‘If something can shave off just half a degree, that means millions fewer impacted by heatwaves, crop failures or flooding.’
By
As global temperatures climb and extreme weather events become more frequent, scientists are exploring the use of solar geoengineering, a set of different measures all geared towards reflecting sunlight and cooling the Earth.
“The world is making progress on emissions,” says solar geoengineering researcher Dr Pete Irvine of the University of Chicago, “but even if every country meets its current pledges, we are still tracking towards more than 2.5 degrees of warming by century’s end.”
That level of warming could lead to severe impacts such as loss of biodiversity, health crises and unchecked polar melting, adds Irvine, who the cofounder of SRM360, a nonprofit hub investigating ways to reflect the heat of the sun.
There are other strong voices in the scientific community that argue solar geoengineering measures could – if successful – simply relieve the urgent pressure to implement necessary deep cuts to greenhouse gas emissions.
Irvine argues that emissions cuts need to happen come what may, and that solar geoengineering should not be seen as a substitute for emissions cuts or carbon removal schemes but as an added measure to help cool the planet.
Eliminating emissions will stop climate change from worsening, but to actually bring temperatures back down to a safer, more stable level will need removal of hundreds of billions of CO2 already in the atmosphere, says Irvine. “Solar geoengineering could help us manage risks along the way.”

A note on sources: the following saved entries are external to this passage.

context
  fixes A :: "real mat" and n :: nat and us :: "real vec list" and ds :: "real list" and c :: real
  assumes A: "A \<in> carrier_mat n n" and sys: "orthonormal_eigensystem A n us ds"
begin

private lemmas sysD = orthonormal_eigensystemD[OF sys]

lemma deflate_carrier: "deflate A us ds c \<in> carrier_mat n n"
  using A unfolding deflate_def by simp

lemma symmetric_mat_deflate: "symmetric_mat A \<Longrightarrow> symmetric_mat (deflate A us ds c)"
  using A by (intro symmetric_matI[OF deflate_carrier])
    (auto simp: deflate_def symmetric_matD mult.commute)

lemma mat_trace_deflate: "mat_trace (deflate A us ds c) = mat_trace A + (\<Sum>t<length us. c - ds ! t)"
proof -
  have "mat_trace (deflate A us ds c)
      = mat_trace A + (\<Sum>i<n. \<Sum>t<length us. (c - ds ! t) * (us ! t $ i * us ! t $ i))"
    using A unfolding mat_trace_def deflate_def by (simp add: sum.distrib)
  also have "(\<Sum>i<n. \<Sum>t<length us. (c - ds ! t) * (us ! t $ i * us ! t $ i))
      = (\<Sum>t<length us. (c - ds ! t) * (us ! t \<bullet> us ! t))"
    by (subst sum.swap) (simp add: sum_distrib_left scalar_prod_eq_sum[OF sysD(2)])
  finally show ?thesis by (simp add: sysD(3))
qed

lemma deflate_mult_vec_index:
  assumes w: "w \<in> carrier_vec n" and i: "i < n"
  shows "(deflate A us ds c *\<^sub>v w) $ i
    = (A *\<^sub>v w) $ i + (\<Sum>t<length us. (c - ds ! t) * (us ! t \<bullet> w) * us ! t $ i)"
proof -
  have "(deflate A us ds c *\<^sub>v w) $ i
      = (\<Sum>j<n. A $$ (i, j) * w $ j + (\<Sum>t<length us. (c - ds ! t) * us ! t $ i * (us ! t $ j * w $ j)))"
    unfolding index_mult_mat_vec_sum[OF deflate_carrier w i] using A i
    by (intro sum.cong refl) (simp add: deflate_def algebra_simps sum_distrib_left sum_distrib_right)
  also have "\<dots> = (A *\<^sub>v w) $ i
      + (\<Sum>j<n. \<Sum>t<length us. (c - ds ! t) * us ! t $ i * (us ! t $ j * w $ j))"
    by (simp add: sum.distrib index_mult_mat_vec_sum[OF A w i])
  also have "(\<Sum>j<n. \<Sum>t<length us. (c - ds ! t) * us ! t $ i * (us ! t $ j * w $ j))
      = (\<Sum>t<length us. (c - ds ! t) * (us ! t \<bullet> w) * us ! t $ i)"
    by (subst sum.swap) (simp add: scalar_prod_eq_sum[OF w] sum_distrib_left mult_ac)
  finally show ?thesis .
qed

lemma deflate_mult_eigenvector:
  assumes s: "s < length us"
  shows "deflate A us ds c *\<^sub>v us ! s = c \<cdot>\<^sub>v us ! s"
proof (rule eq_vecI)
  have us: "us ! s \<in> carrier_vec n" by (rule sysD(2)[OF s])
  fix i assume "i < dim_vec (c \<cdot>\<^sub>v us ! s)"
  then have i: "i < n" using us by simp
  have "(\<Sum>t<length us. (c - ds ! t) * (us ! t \<bullet> us ! s) * us ! t $ i)
      = (\<Sum>t<length us. if t = s then (c - ds ! s) * us ! s $ i else 0)"
    using s by (intro sum.cong refl) (simp add: sysD(3))
  also have "\<dots> = (c - ds ! s) * us ! s $ i"
    using s by simp
  finally have "(\<Sum>t<length us. (c - ds ! t) * (us ! t \<bullet> us ! s) * us ! t $ i) = (c - ds ! s) * us ! s $ i" .
  moreover have "(A *\<^sub>v us ! s) $ i = ds ! s * us ! s $ i"
    using sysD(4)[OF s] us i by simp
  ultimately show "(deflate A us ds c *\<^sub>v us ! s) $ i = (c \<cdot>\<^sub>v us ! s) $ i"
    using deflate_mult_vec_index[OF us i] us i by (simp add: algebra_simps)
qed (use deflate_carrier sysD(2)[OF assms] in simp)

lemma deflate_eigenvector:
  assumes sym: "symmetric_mat A" and w: "w \<in> carrier_vec n"
    and Mw: "deflate A us ds c *\<^sub>v w = \<mu> \<cdot>\<^sub>v w" and "\<mu> \<noteq> c"
  shows "\<forall>t<length us. us ! t \<bullet> w = 0" and "A *\<^sub>v w = \<mu> \<cdot>\<^sub>v w"
proof -
  let ?M = "deflate A us ds c"
  have orth: "us ! s \<bullet> w = 0" if s: "s < length us" for s
  proof -
    have us: "us ! s \<in> carrier_vec n" by (rule sysD(2)[OF s])
    have "c * (us ! s \<bullet> w) = (?M *\<^sub>v us ! s) \<bullet> w"
      using deflate_mult_eigenvector[OF s] us w by simp
    also have "\<dots> = us ! s \<bullet> (?M *\<^sub>v w)"
      by (rule symmetric_mat_scalar_prod[OF deflate_carrier symmetric_mat_deflate[OF sym] us w])
    also have "\<dots> = \<mu> * (us ! s \<bullet> w)"
      using Mw us w by simp
    finally show ?thesis using \<open>\<mu> \<noteq> c\<close> by simp
  qed
  then show "\<forall>t<length us. us ! t \<bullet> w = 0" by blast
  show "A *\<^sub>v w = \<mu> \<cdot>\<^sub>v w"
  proof (rule eq_vecI)
    fix i assume "i < dim_vec (\<mu> \<cdot>\<^sub>v w)"
    then have i: "i < n" using w by simp
    have "(A *\<^sub>v w) $ i = (?M *\<^sub>v w) $ i"
      using deflate_mult_vec_index[OF w i] orth by simp
    then show "(A *\<^sub>v w) $ i = (\<mu> \<cdot>\<^sub>v w) $ i" using Mw by simp
  qed (use A w in simp)
qed

end

text \<open>If all \<open>n\<close> eigenvalues were equal to \<open>c\<close>, the trace would be \<open>n c\<close>.\<close>
lemma symmetric_mat_eigenvector_ne:
  fixes M :: "real mat"
  assumes M: "M \<in> carrier_mat n n" and "symmetric_mat M" and "mat_trace M \<noteq> real n * c"
  obtains w \<mu> where "eigenvector M w \<mu>" and "\<mu> \<noteq> c"
proof -
  obtain es where cp: "char_poly M = (\<Prod>e\<leftarrow>es. [:-e, 1:])" and len: "length es = n"
    using symmetric_mat_char_poly_splits[OF assms(1,2)] .
  have "\<exists>\<mu>\<in>set es. \<mu> \<noteq> c"
  proof (rule ccontr)
    assume "\<not> ?thesis"
    then have "es = replicate n c" using len by (metis replicate_eqI)
    then show False
      using mat_trace_eq_sum_eigenvalues[OF M cp] assms(3) by (simp add: sum_list_replicate)
  qed
  then obtain \<mu> where "\<mu> \<in> set es" "\<mu> \<noteq> c" by blast
  moreover have "eigenvalue M \<mu>"
    unfolding eigenvalue_root_char_poly[OF M] cp by (rule linear_poly_root[OF \<open>\<mu> \<in> set es\<close>])
  ultimately show ?thesis using that unfolding eigenvalue_def by blast
qed

lemma orthonormal_eigensystem_extend:
  fixes A :: "real mat"
  assumes A: "A \<in> carrier_mat n n" and sym: "symmetric_mat A"
    and sys: "orthonormal_eigensystem A n us ds" and k: "length us < n"
  obtains v \<mu> where "orthonormal_eigensystem A n (us @ [v]) (ds @ [\<mu>])"
proof -
  let ?k = "length us"
  \<comment> \<open>This choice makes the trace of the deflated matrix differ from \<open>n c\<close>.\<close>
  define c where "c = (mat_trace A - sum_list ds) / real (n - ?k) + 1"
  let ?M = "deflate A us ds c"
  have "sum_list ds = (\<Sum>t<?k. ds ! t)"
    using orthonormal_eigensystemD(1)[OF sys] by (simp add: sum_list_sum_nth atLeast0LessThan)
  then have "mat_trace ?M = mat_trace A - sum_list ds + real ?k * c"
    using mat_trace_deflate[OF A sys] by (simp add: sum_subtractf)
  moreover have "real (n - ?k) * c = mat_trace A - sum_list ds + real (n - ?k)"
    using k unfolding c_def by (simp add: field_simps)
  ultimately have "mat_trace ?M \<noteq> real n * c"
    using k by (simp add: algebra_simps)
  then obtain w \<mu> where "eigenvector ?M w \<mu>" and "\<mu> \<noteq> c"
    using symmetric_mat_eigenvector_ne[OF deflate_carrier[OF A sys] symmetric_mat_deflate[OF A sys sym]]
    by blast
  moreover have "dim_row ?M = n" using A by (simp add: deflate_def)
  ultimately have w: "w \<in> carrier_vec n" "w \<noteq> 0\<^sub>v n" and Mw: "?M *\<^sub>v w = \<mu> \<cdot>\<^sub>v w"
    unfolding eigenvector_def by auto
  note w_props = deflate_eigenvector[OF A sys sym w(1) Mw \<open>\<mu> \<noteq> c\<close>]
  define v where "v = (1 / sqrt (w \<bullet> w)) \<cdot>\<^sub>v w"
  have ww: "0 < w \<bullet> w" by (rule nonzero_vec_scalar_prod_pos[OF w])
  have v: "v \<in> carrier_vec n" using w unfolding v_def by simp
  moreover have "v \<bullet> v = 1"
    using w ww unfolding v_def by (simp add: field_simps)
  moreover have "us ! t \<bullet> v = 0" if "t < ?k" for t
    using w_props(1) that w orthonormal_eigensystemD(2)[OF sys that] unfolding v_def by simp
  moreover have "A *\<^sub>v v = \<mu> \<cdot>\<^sub>v v"
    using A w w_props(2) unfolding v_def by (simp add: mult_mat_vec smult_smult_assoc mult.commute)
  ultimately show ?thesis
    using orthonormal_eigensystem_snoc[OF sys] that by blast
qed

lemma orthonormal_eigenbasis_exists:
  fixes A :: "real mat"
  assumes A: "A \<in> carrier_mat n n" and sym: "symmetric_mat A"
  obtains us ds where "orthonormal_eigensystem A n us ds" and "length us = n"
proof -
  have "\<exists>us ds. orthonormal_eigensystem A n us ds \<and> length us = k" if "k \<le> n" for k
    using that
  proof (induction k)
    case 0
    show ?case by (auto simp: orthonormal_eigensystem_def)
  next
    case (Suc k)
    then obtain us ds where "orthonormal_eigensystem A n us ds" "length us = k" by auto
    with orthonormal_eigensystem_extend[OF A sym] Suc.prems show ?case
      by (metis Suc_le_lessD length_append_singleton)
  qed
  then show ?thesis using that by blast
qed

context
  fixes A :: "real mat" and n :: nat and us :: "real vec list" and ds :: "real list"
  assumes A: "A \<in> carrier_mat n n" and sys: "orthonormal_eigensystem A n us ds" and len: "length us = n"
begin

private lemmas basisD = orthonormal_eigensystemD[OF sys, unfolded len]

private abbreviation U :: "real mat" where "U \<equiv> mat_of_cols n us"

Scientific techniques that seek to reflect the sun’s energy back into space, and thus cool Earth, are all referred to as solar geoengineering, or as sunlight reflection methods (SRM). There are two leading strategies aiming to do this.

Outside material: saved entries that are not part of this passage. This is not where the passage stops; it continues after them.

lemma fps_linearizing_coordinate:
  fixes A :: "'a::field_char_0 fps"
  assumes A0: "A $ 0 = 0" and A1: "A $ 1 \<noteq> 0"
  obtains v where "v $ 0 = 0" "v $ 1 = 1" "A * fps_deriv v = fps_const (A $ 1) * v"
proof
  define a where "a = A $ 1"
  define B where "B = fps_shift 1 A"
  have A_eq: "A = fps_X * B"
    by (rule fps_ext) (simp add: B_def A0)
  have B_inverse: "B * inverse B = 1"
    using A1 by (intro inverse_mult_eq_1') (simp add: B_def)
  define D where "D = fps_const a * inverse B - 1"
  have D_eq: "D = fps_X * fps_shift 1 D"
    using A1 by (intro fps_ext) (simp add: D_def B_def a_def)
  \<comment> \<open>\<open>fps_shift 1 D = a/A - 1/X\<close>, so \<open>v = X\<cdot>exp(\<integral>(a/A - 1/X))\<close>\<close>
  define E where "E = fps_exp 1 oo fps_integral (fps_shift 1 D) 0"
  have E_deriv: "fps_deriv E = E * fps_shift 1 D"
    by (simp add: E_def fps_compose_deriv fps_deriv_fps_integral)
  define v where "v = fps_X * E"
  show "v $ 0 = 0" "v $ 1 = 1"
    by (simp_all add: v_def E_def)
  have "fps_deriv v = E * (1 + fps_X * fps_shift 1 D)"
    by (simp add: v_def E_deriv algebra_simps)
  also have "\<dots> = E * (1 + D)"
    by (metis D_eq)
  also have "\<dots> = E * (fps_const a * inverse B)"
    by (simp add: D_def)
  finally have "A * fps_deriv v = fps_const a * v * (B * inverse B)"
    by (simp add: A_eq v_def ac_simps)
  then show "A * fps_deriv v = fps_const (A $ 1) * v"
    by (simp add: B_inverse a_def)
qed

There is stratospheric aerosol injection (SAI), which involves releasing fine, reflective particles, such as sulphur compounds, into the upper atmosphere. Scientists say it could reduce global temperatures by 1 degree if deployed widely.
The other option is marine cloud brightening (MCB). The goal here is to make low-lying clouds more reflective of sunlight. This is achieved by injecting tiny particles of sea salt into the clouds – making them brighter, and increasing their ability to reflect sunlight away from the Earth and back into space.
Irvine says that although SRMs are beneficial, none of them alone can fully address the root cause of the warming problem: the build-up of greenhouse gases in our atmosphere. “They can’t stop acidification of oceans or repair ecosystems already damaged by climate pressure.”
Their implementation can carry a risk of harmful side effects. Measures to introduce SAI, for instance, could result in increases, albeit mild, in acid rain, and potential delays in healing of the ozone layer.
And there is even a risk of a “termination shock”, Irvine adds, which is a risk of a rapid spike in temperature if SRMs were started and then abruptly halted.
The global politics involved could be tricky, too, he says, if countries become suspicious of each other’s actions or motives. “Imagine a powerful country deploying SRM unilaterally. Even if their intention was to benefit everyone, perception matters. What happens if droughts or storms are blamed, rightly or wrongly, on their actions? The risk of conflict, or global mistrust, is real.”